Historic church in Mississippi, United States

College Hill Presbyterian Church, located just outside Oxford, Mississippi, USA, at College Hill, is an historic church and a member of the Presbyterian Church in America (PCA). It is listed on the National Register of Historic Places.

It was organized as a local church on January 11, 1835, in the home of Alexander Shaw, one of the early Scot-Irish settlers in North Mississippi. Originally it was named Neriah Church, but shortly thereafter it was redesignated Ebenezer Church.

In 1836, members migrated to this area and, on January 11, 1841, the church was renamed College Presbyterian Church in recognition of the founding of the North Mississippi College. In 1842, the congregation paid $400 for 23 acre of land on which to construct a public place of worship. The sanctuary, built in 1844 under the direction of Francis Timmons, was the oldest Presbyterian structure in North Mississippi and the oldest church building of any denomination in the Oxford area. Constructed of bricks fired on the site, the building was completed in 1846 at a total cost of $2,809,75. The pulpit, the pews and the pew gates were the original furnishings.

Events of interest include the encampment of these grounds by Union troops of General Grant and General Sherman, and the marriage of the author William Faulkner.

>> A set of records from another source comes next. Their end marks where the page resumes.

lemma sigma_eq_append_A: "sigma w = v @ [A] \<longleftrightarrow> (\<exists>w0. w = w0 @ [B] \<and> sigma w0 = v)"
  by (cases w rule: rev_cases; cases "last w") auto

lemma sigma_eq_append_B: "sigma w = v @ [B] \<longleftrightarrow> (\<exists>w0. w = w0 @ [A] \<and> v = sigma w0 @ [A])"
  by (cases w rule: rev_cases; cases "last w") auto

lemma split_trailing_B: "\<exists>u d. w = u @ replicate d B \<and> (u = [] \<or> last u = A)"
proof (induction w rule: rev_induct)
  case (snoc x w)
  then obtain u d where "w = u @ replicate d B" "u = [] \<or> last u = A"
    by blast
  show ?case
  proof (cases x)
    case A
    then show ?thesis
      by (intro exI[of _ "w @ [A]"] exI[of _ 0]) simp
  next
    case B
    with \<open>w = u @ replicate d B\<close> \<open>u = [] \<or> last u = A\<close> show ?thesis
      by (intro exI[of _ u] exI[of _ "Suc d"]) (simp flip: replicate_append_same)
  qed
qed simp

lemma not_prefix_B_sigma: "\<not> prefix (B # v) (sigma w)"
  by (cases w; cases "hd w") simp_all

lemma BB_free_sigma: "\<not> sublist [B, B] (sigma w)"
proof (induction w)
  case (Cons x w)
  then show ?case
    using not_prefix_B_sigma[of "[]" w] by (cases x) (simp_all add: sublist_code(3))
qed simp

lemma AAA_free_sigma: "\<not> sublist [B, B] w \<Longrightarrow> \<not> sublist [A, A, A] (sigma w)"
proof (induction w)
  case (Cons x w)
  have "\<not> prefix [A, A] (sigma w)" if "x = B"
    using Cons.prems that by (cases w; cases "hd w") (simp_all add: sublist_code(3))
  with Cons show ?case
    by (cases x) (simp_all add: sublist_code(3) sublist_Cons_right)
qed simp

fun desigma :: "letter list \<Rightarrow> letter list" where
  "desigma (A # B # r) = A # desigma r"
| "desigma (A # r) = B # desigma r"
| "desigma (B # r) = desigma r"
| "desigma [] = []"

lemma desigma_sigma: "desigma (sigma w) = w"
proof (induction w)
  case (Cons x w)
  have "sigma w = [] \<or> (\<exists>r. sigma w = A # r)"
    by (cases w; cases "hd w") auto
  then have "desigma (A # sigma w) = B # desigma (sigma w)"
    by auto
  with Cons.IH show ?case
    by (cases x) simp_all
qed simp

lemma inj_sigma: "inj sigma"
  by (rule inj_on_inverseI[of _ desigma]) (rule desigma_sigma)

lemma fw_Suc: "fw (Suc k) = sigma (fw k)"
proof (induction k rule: fw.induct)
  case (3 m)
  then show ?case by (metis fw.simps(3) sigma_append)
qed simp_all

lemma rep_word_Nil [simp]: "rep_word [] = []"
  by (simp add: rep_word_def)

lemma rep_word_Cons: "rep_word (k # ks) = sigma (rep_word ks) @ replicate k A"
proof -
  define g where "g = (\<lambda>i. concat (replicate ((k # ks) ! i) (fw i)))"
  have "rev [0..<Suc (length ks)] = map Suc (rev [0..<length ks]) @ [0]"
    by (simp add: upt_conv_Cons rev_map map_Suc_upt[symmetric] del: upt_Suc)
  then have "rep_word (k # ks) = concat (map (g \<circ> Suc) (rev [0..<length ks])) @ g 0"
    by (simp add: rep_word_def g_def del: upt_Suc)
  also have "map (g \<circ> Suc) (rev [0..<length ks])
      = map (\<lambda>i. sigma (concat (replicate (ks ! i) (fw i)))) (rev [0..<length ks])"
    by (simp add: g_def fw_Suc sigma_concat)
  finally show ?thesis
    by (simp add: rep_word_def sigma_concat g_def o_def)
qed


definition count_a :: "letter list \<Rightarrow> nat" where
  "count_a w = length (filter (\<lambda>c. c = A) w)"

lemma count_a_Nil [simp]: "count_a [] = 0"
  and count_a_Cons [simp]: "count_a (x # w) = (if x = A then 1 else 0) + count_a w"
  and count_a_append [simp]: "count_a (u @ w) = count_a u + count_a w"
  by (simp_all add: count_a_def)

lemma count_b_Nil [simp]: "count_b [] = 0"
  and count_b_Cons [simp]: "count_b (x # w) = (if x = B then 1 else 0) + count_b w"
  and count_b_append [simp]: "count_b (u @ w) = count_b u + count_b w"
  by (simp_all add: count_b_def)

lemma count_b_replicate_A [simp]: "count_b (replicate j A) = 0"
  by (induction j) simp_all

lemma count_a_add_count_b: "count_a w + count_b w = length w"
proof (induction w)
  case (Cons x w)
  then show ?case by (cases x) simp_all
qed simp

lemma length_sigma: "length (sigma w) = length w + count_a w"
proof (induction w)
  case (Cons x w)
  then show ?case by (cases x) simp_all
qed simp

lemma count_b_sigma: "count_b (sigma w) = count_a w"
proof (induction w)
  case (Cons x w)
  then show ?case by (cases x) simp_all
qed simp

lemma count_aa_Nil [simp]: "count_aa [] = 0"
  by (simp add: count_aa_def)

lemma count_aa_Cons:
  "count_aa (x # w) = (if x = A \<and> w \<noteq> [] \<and> hd w = A then 1 else 0) + count_aa w"
proof -
  define S where "S v = {i. Suc i < length v \<and> v ! i = A \<and> v ! Suc i = A}" for v
  have count_aa_S: "count_aa v = card (S v)" for v
    by (simp add: count_aa_def S_def)
  have "finite (S w)"
    unfolding S_def by (rule finite_subset[of _ "{..<length w}"]) auto
  have "i \<in> S (x # w) \<longleftrightarrow>
      (i = 0 \<and> x = A \<and> w \<noteq> [] \<and> hd w = A) \<or> (\<exists>j. i = Suc j \<and> j \<in> S w)" for i
    by (cases i) (auto simp: S_def hd_conv_nth)
  then have "S (x # w) =
      (if x = A \<and> w \<noteq> [] \<and> hd w = A then insert 0 (Suc ` S w) else Suc ` S w)"
    by auto
  with \<open>finite (S w)\<close> show ?thesis
    unfolding count_aa_S by (simp add: card_image)
qed

lemma count_aa_sigma: "w = [] \<or> last w = A \<Longrightarrow> count_aa (sigma w) = count_b w"
proof (induction w)
  case (Cons x w)
  with hd_sigma[of w] show ?case
    by (cases x) (auto simp: count_aa_Cons split: if_splits)
qed simp

(* Such a word is a concatenation of the blocks ab and aab. *)
lemma count_a_eq_count_b_add_count_aa:
  assumes "\<not> sublist [B, B] w" "\<not> sublist [A, A, A] w" "w = [] \<or> hd w = A \<and> last w = B"
  shows "count_a w = count_b w + count_aa w"
  using assms
proof (induction "length w" arbitrary: w rule: less_induct)
  case less
  show ?case
  proof (cases "w = []")
    case False
    with less.prems(3) obtain w1 where w1: "w = A # w1" "w1 \<noteq> []" "last w1 = B"
      by (cases w) (auto split: if_splits)
    obtain r where shape: "w = A # B # r \<or> w = A # A # B # r"
    proof (cases "hd w1")
      case A
      with w1 obtain r2 where r2: "w = A # A # r2" "r2 \<noteq> []"
        by (cases w1) (auto split: if_splits)
      with less.prems(2) have "hd r2 = B"
        by (cases r2; cases "hd r2") (auto simp: sublist_code(3))
      with r2 that show ?thesis
        by (cases r2) auto
    next
      case B
      with w1 that show ?thesis
        by (cases w1) auto
    qed
    then have "sublist r w"
      by (metis sublist_append_leftI append_Cons append_Nil)
    with less.prems(1,2) have free: "\<not> sublist [B, B] r" "\<not> sublist [A, A, A] r"
      by (meson sublist_order.order_trans)+
    have "r = [] \<or> hd r = A \<and> last r = B"
      using shape less.prems(1,3) by (cases r; cases "hd r") (auto simp: sublist_code(3))
    with free shape have "count_a r = count_b r + count_aa r"
      by (intro less.hyps) auto
    with shape show ?thesis
      by (auto simp: count_aa_Cons)
  qed simp
qed


section \<open>Representations of arbitrary words\<close>

definition no_leading_zero :: "nat list \<Rightarrow> bool" where
  "no_leading_zero ks \<longleftrightarrow> ks = [] \<or> last ks \<noteq> 0"

definition reps :: "letter list \<Rightarrow> nat list set" where
  "reps w = {ks. no_leading_zero ks \<and> rep_word ks = w}"

definition nreps :: "letter list \<Rightarrow> nat" where
  "nreps w = card (reps w)"

lemma V_eq_nreps: "V N = nreps (fib_prefix N)"
  by (simp add: V_def nreps_def reps_def valid_reps_def no_leading_zero_def)

lemma no_leading_zero_Cons:
  "no_leading_zero (k # ks) \<longleftrightarrow> (if ks = [] then k \<noteq> 0 else no_leading_zero ks)"
  by (simp add: no_leading_zero_def)

lemma rep_word_hd_length:
  assumes "no_leading_zero ks" "ks \<noteq> []"
  shows "rep_word ks \<noteq> [] \<and> hd (rep_word ks) = A \<and> length ks \<le> length (rep_word ks)"
  using assms
proof (induction ks)
  case (Cons k ks)
  show ?case
  proof (cases "ks = []")
    case True
    with Cons.prems have "k \<noteq> 0"
      by (simp add: no_leading_zero_Cons)
    with True show ?thesis
      by (cases k) (simp_all add: rep_word_Cons)
  next
    case False
    with Cons have IH:
      "rep_word ks \<noteq> [] \<and> hd (rep_word ks) = A \<and> length ks \<le> length (rep_word ks)"
      by (simp add: no_leading_zero_Cons)
    then have "count_a (rep_word ks) \<noteq> 0"
      by (cases "rep_word ks") simp_all
    with IH show ?thesis
      by (simp add: rep_word_Cons length_sigma hd_sigma)
  qed
qed simp

lemma nth_le_length_rep_word: "i < length ks \<Longrightarrow> ks ! i \<le> length (rep_word ks)"
proof (induction ks arbitrary: i)
  case (Cons k ks)
  show ?case
  proof (cases i)
    case (Suc j)
    with Cons have "ks ! j \<le> length (rep_word ks)"
      by simp
    with Suc show ?thesis
      by (simp add: rep_word_Cons length_sigma)
  qed (simp add: rep_word_Cons)
qed simp

lemma finite_reps: "finite (reps w)"
proof (rule finite_subset)
  show "reps w \<subseteq> {ks. set ks \<subseteq> {0..length w} \<and> length ks \<le> length w}"
    using rep_word_hd_length nth_le_length_rep_word
    by (fastforce simp: reps_def in_set_conv_nth)
  show "finite {ks. set ks \<subseteq> {0..length w} \<and> length ks \<le> length w}"
    by (rule finite_lists_length_le) simp
qed

lemma reps_Nil: "reps [] = {[]}"
  using rep_word_hd_length by (auto simp: reps_def no_leading_zero_def)

lemma nreps_Nil [simp]: "nreps [] = 1"
  by (simp add: nreps_def reps_Nil)

lemma rep_word_ne_B: "rep_word ks \<noteq> [B]"
proof (cases ks)
  case (Cons k ks')
  have "sigma (rep_word ks') \<noteq> [B]"
    using hd_sigma[of "rep_word ks'"] by (cases "rep_word ks' = []") auto
  with Cons show ?thesis
    by (cases k) (auto simp: rep_word_Cons append_eq_Cons_conv)
qed simp

lemma rep_word_ne_append_BB: "rep_word ks \<noteq> y @ [B, B]"
proof (cases ks)
  case (Cons k ks')
  have "sigma (rep_word ks') \<noteq> y @ [B, B]"
    using BB_free_sigma by (metis sublist_appendI append_Nil2)
  with Cons show ?thesis
    by (cases k) (auto simp: rep_word_Cons simp flip: replicate_append_same)
qed simp

lemma nreps_B [simp]: "nreps [B] = 0"
  using rep_word_ne_B by (simp add: nreps_def reps_def)

lemma sigma_append_replicate_eq:
  assumes u: "u = [] \<or> last u = A"
    and eq: "sigma r @ replicate k A = sigma u @ replicate j A"
  shows "k \<le> j \<and> r = u @ replicate (j - k) B"
proof (cases "k \<le> j")
  case False
  then have "replicate k A = replicate (k - j) A @ replicate j A"
    by (simp flip: replicate_add)
  with eq have "sigma r @ replicate (k - j) A = sigma u"
    by simp
  moreover from False have "last (sigma r @ replicate (k - j) A) = A"
    by simp
  ultimately have False
    using False u last_sigma[of u] by (cases "u = []") auto
  then show ?thesis ..
next
  case True
  then have "replicate j A = replicate (j - k) A @ replicate k A"
    by (simp flip: replicate_add)
  with eq have "sigma r = sigma (u @ replicate (j - k) B)"
    by simp
  with True show ?thesis
    using inj_sigma by (metis injD)
qed

lemma reps_sigma_append_replicate_subset:
  assumes u: "u = [] \<or> last u = A" and nonempty: "u \<noteq> [] \<or> 0 < j"
  shows "reps (sigma u @ replicate j A)
    \<subseteq> Cons j ` reps u \<union> (if 0 < j then Cons (j - 1) ` reps (u @ [B]) else {})"
proof
  fix ks
  assume ks: "ks \<in> reps (sigma u @ replicate j A)"
  show "ks \<in> Cons j ` reps u \<union> (if 0 < j then Cons (j - 1) ` reps (u @ [B]) else {})"
  proof (cases ks)
    case Nil
    with ks nonempty show ?thesis
      by (auto simp: reps_def)
  next
    case (Cons k ks')
    with ks have "sigma (rep_word ks') @ replicate k A = sigma u @ replicate j A"
      by (simp add: reps_def rep_word_Cons)
    with u have kj: "k \<le> j" and rep: "rep_word ks' = u @ replicate (j - k) B"
      using sigma_append_replicate_eq by blast+
    have "j - k \<le> 1"
    proof (rule ccontr)
      assume "\<not> j - k \<le> 1"
      then obtain d where "j - k = Suc (Suc d)"
        by (intro that[of "j - k - 2"]) simp
      moreover have "replicate (Suc (Suc d)) B = replicate d B @ [B, B]"
        by (induction d) simp_all
      ultimately show False
        using rep rep_word_ne_append_BB[of ks' "u @ replicate d B"] by simp
    qed
    moreover from Cons ks have "ks' \<in> reps (rep_word ks')"
      by (auto simp: reps_def no_leading_zero_def split: if_splits)
    ultimately show ?thesis
      using Cons kj rep by (cases "j - k") auto
  qed
qed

The church is thought to be the model for some settings in Faulkner's novels. The church cemetery contains a number of unmarked Union soldiers' burial sites. The Session's original minutes, dating back to the 1835 organizational meeting, are safeguarded in a local bank.

In the 1960s, the ministry of the church began an outreach to the students of the nearby University of Mississippi under pastor Jack C. Oates (1967–72) while he was a graduate student and teaching assistant at the university as well as teaching in the university's continuing education program. He was also a part-time pastor at two other churches, Hopewell Presbyterian and Abbeville Presbyterian, comprising a three church field in St. Andrew Presbytery of the former Southern Presbyterian Church (PCUS).

The ministry continued to grow while Tom Tyndall was the pastor to the three church field and then just to College Hill Church from 1973 to 1978. In summer, 1977 the PCUS cited the church's outreach to students as one of two outstanding small church ministries in the denomination. Under both Oates and Tyndall, the church held "Christian Life Conferences" with well-known Christian scholars speaking both to the church and to various classes held on the campus of the university.

On August 13, 2022, the original church building was destroyed by a fire. The church continues to meet in another building across the quad from the remains of the previous one.